TASK TO COMPLETE: Give the lines again exactly as they appear, beginning at the one with "add: z_def \<rho>_def)" and ending at the last line of the records.

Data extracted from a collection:
lemma Fop_lower_bound_at_infconv:
  assumes "open \<Omega>" "x \<in> \<Omega>" "y \<in> \<Omega>" "q \<ge> 2" "\<epsilon> > 0" "x \<noteq> y"
    and le: "\<And>z w. w \<in> \<Omega> \<Longrightarrow> v z \<le> u w + norm (z - w) powr q / (q * \<epsilon> powr (q - 1))"
    and eq: "v x = u y + norm (x - y) powr q / (q * \<epsilon> powr (q - 1))"
    and sub: "(\<eta>, X) \<in> subjet2 \<Omega> v x"
    and \<eta>: "\<eta> = (norm (x - y) / \<epsilon>) powr (q - 1) *\<^sub>R sgn (x - y)"
    and super: "visc_supersol \<Omega> p u" and lip: "lipschitz_on L \<Omega> p"
    and pmin: "pmin > 1" "\<forall>z\<in>\<Omega>. pmin \<le> p z"
  shows "- ((q - 1) * 2 powr (q - 2) * L\<^sup>2 / (pmin - 1)) * (norm (x - y) * (norm (x - y) / \<epsilon>) powr (q - 1))
    \<le> Fop p x \<eta> X"
proof -
  define \<rho> where "\<rho> = norm (x - y)"
  define a where "a = (q - 1) * (2 * \<rho>) powr (q - 2) / \<epsilon> powr (q - 1)"
  define r where "r = p x - 1"
  define s where "s = p y - 1"
  have "\<rho> > 0" using \<open>x \<noteq> y\<close> by (simp add: \<rho>_def)
  have rs: "r \<ge> pmin - 1" "s \<ge> pmin - 1" "r > 0" "s > 0" using assms(2,3) pmin by (auto simp: r_def s_def)
  have "- a * (sqrt r - sqrt s)\<^sup>2 \<le> Fop p x \<eta> X"
    unfolding a_def \<rho>_def r_def s_def
    by (rule Fop_lower_bound_by_sqrt_gap[OF assms(1-6) le eq sub \<eta> super]) (use rs in \<open>simp_all add: r_def s_def\<close>)
  moreover have "a * (sqrt r - sqrt s)\<^sup>2 \<le> a * ((L * \<rho>)\<^sup>2 / (pmin - 1))"
  proof (intro mult_left_mono)
    have "\<bar>r - s\<bar> \<le> L * \<rho>"
      using lip assms(2,3) by (auto simp: lipschitz_on_def r_def s_def \<rho>_def dist_norm dist_real_def)
    then have "(r - s)\<^sup>2 \<le> (L * \<rho>)\<^sup>2" by (metis abs_ge_zero order_trans power2_abs power_mono)
    then show "(sqrt r - sqrt s)\<^sup>2 \<le> (L * \<rho>)\<^sup>2 / (pmin - 1)"
      using sqrt_diff_square_le[OF rs(3) rs(2)] pmin by (smt (verit) divide_right_mono)
  qed (use assms(4) in \<open>simp add: a_def\<close>)
  moreover have "a * ((L * \<rho>)\<^sup>2 / (pmin - 1)) = (q - 1) * 2 powr (q - 2) * L\<^sup>2 / (pmin - 1) * (\<rho> * (\<rho> / \<epsilon>) powr (q - 1))"
  proof -
    have "(2 * \<rho>) powr (q - 2) * \<rho>\<^sup>2 = 2 powr (q - 2) * (\<rho> * \<rho> powr (q - 1))"
      using \<open>\<rho> > 0\<close> powr_add[of \<rho> "q - 2" 1] by (simp add: powr_mult power2_eq_square)
    then show ?thesis using \<open>\<epsilon> > 0\<close> by (simp add: a_def powr_divide power_mult_distrib field_simps)
  qed
  ultimately show ?thesis unfolding \<rho>_def mult_minus_left by linarith
qed

text \<open>Compare the minimality of y with the point at distance t from y on the segment towards x.\<close>
lemma infconv_minimizer_slope_le_modulus:
  assumes "q \<ge> 2" "\<epsilon> > 0" "closed_segment x y \<subseteq> \<Omega>"
    and min: "\<And>z. z \<in> \<Omega> \<Longrightarrow> u y + norm (x - y) powr q / (q * \<epsilon> powr (q - 1))
      \<le> u z + norm (x - z) powr q / (q * \<epsilon> powr (q - 1))"
    and \<omega>: "\<forall>a\<in>\<Omega>. \<forall>b\<in>\<Omega>. \<bar>u a - u b\<bar> \<le> \<omega> (norm (a - b))"
    and t: "0 < t" "t \<le> norm (x - y)"
  shows "(norm (x - y) / \<epsilon>) powr (q - 1) * t \<le> q * \<omega> t"
proof -
  define \<rho> where "\<rho> = norm (x - y)"
  define c where "c = q * \<epsilon> powr (q - 1)"
  define z where "z = y + (t / \<rho>) *\<^sub>R (x - y)"
  have "\<rho> > 0" "c > 0" using assms by (auto simp: \<rho>_def c_def)
  have "z = (1 - (1 - t / \<rho>)) *\<^sub>R x + (1 - t / \<rho>) *\<^sub>R y" by (simp add: z_def algebra_simps)
  moreover have "0 \<le> 1 - t / \<rho>" "1 - t / \<rho> \<le> 1" using t \<open>\<rho> > 0\<close> by (simp_all add: \<rho>_def)
  ultimately have "z \<in> closed_segment x y" unfolding in_segment(1) by blast
  then have "z \<in> \<Omega>" using assms(3) by blast
  have "norm (x - z) = \<rho> - t"
  proof -
    have "x - z = (1 - t / \<rho>) *\<^sub>R (x - y)" by (simp add: z_def algebra_simps)
    moreover have "\<bar>1 - t / \<rho>\<bar> = 1 - t / \<rho>" using t \<open>\<rho> > 0\<close> by (simp add: \<rho>_def)
    ultimately have "norm (x - z) = (1 - t / \<rho>) * \<rho>" by (simp add: \<rho>_def)
    then show ?thesis using \<open>\<rho> > 0\<close> by (simp add: left_diff_distrib)
  qed
  moreover have "norm (z - y) = t" using t \<open>\<rho> > 0\<close> by (simp add: z_def \<rho>_def)
  ultimately have "\<rho> powr q / c - (\<rho> - t) powr q / c \<le> \<omega> t"
    using min[OF \<open>z \<in> \<Omega>\<close>] \<omega> \<open>z \<in> \<Omega>\<close> assms(3) by (force simp: \<rho>_def c_def)
  moreover have "t * \<rho> powr (q - 1) \<le> \<rho> powr q - (\<rho> - t) powr q"
  proof -
    have "(\<rho> - t) * (\<rho> - t) powr (q - 1) \<le> (\<rho> - t) * \<rho> powr (q - 1)"
      using t assms(1) by (intro mult_left_mono powr_mono2) (auto simp: \<rho>_def)
    moreover have "(\<rho> - t) * (\<rho> - t) powr (q - 1) = (\<rho> - t) powr q"
      using powr_add[of "\<rho> - t" 1 "q - 1"] t by (cases "\<rho> = t") (auto simp: \<rho>_def)
    ultimately show ?thesis using powr_add[of \<rho> 1 "q - 1"] \<open>\<rho> > 0\<close> by (simp add: algebra_simps)
  qed
  then have "t * \<rho> powr (q - 1) / c \<le> \<rho> powr q / c - (\<rho> - t) powr q / c"
    using \<open>c > 0\<close> by (simp add: divide_right_mono flip: diff_divide_distrib)
  ultimately have "t * \<rho> powr (q - 1) / c \<le> \<omega> t" by linarith
  then show ?thesis
    using \<open>c > 0\<close> assms(2) by (simp add: \<rho>_def[symmetric] c_def powr_divide field_simps)
qed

OUTPUT FOR THIS EXERCISE:
  moreover have "norm (z - y) = t" using t \<open>\<rho> > 0\<close> by (simp add: z_def \<rho>_def)
  ultimately have "\<rho> powr q / c - (\<rho> - t) powr q / c \<le> \<omega> t"
    using min[OF \<open>z \<in> \<Omega>\<close>] \<omega> \<open>z \<in> \<Omega>\<close> assms(3) by (force simp: \<rho>_def c_def)
  moreover have "t * \<rho> powr (q - 1) \<le> \<rho> powr q - (\<rho> - t) powr q"
  proof -
    have "(\<rho> - t) * (\<rho> - t) powr (q - 1) \<le> (\<rho> - t) * \<rho> powr (q - 1)"
      using t assms(1) by (intro mult_left_mono powr_mono2) (auto simp: \<rho>_def)
    moreover have "(\<rho> - t) * (\<rho> - t) powr (q - 1) = (\<rho> - t) powr q"
      using powr_add[of "\<rho> - t" 1 "q - 1"] t by (cases "\<rho> = t") (auto simp: \<rho>_def)
    ultimately show ?thesis using powr_add[of \<rho> 1 "q - 1"] \<open>\<rho> > 0\<close> by (simp add: algebra_simps)
  qed
  then have "t * \<rho> powr (q - 1) / c \<le> \<rho> powr q / c - (\<rho> - t) powr q / c"
    using \<open>c > 0\<close> by (simp add: divide_right_mono flip: diff_divide_distrib)
  ultimately have "t * \<rho> powr (q - 1) / c \<le> \<omega> t" by linarith
  then show ?thesis
    using \<open>c > 0\<close> assms(2) by (simp add: \<rho>_def[symmetric] c_def powr_divide field_simps)
qed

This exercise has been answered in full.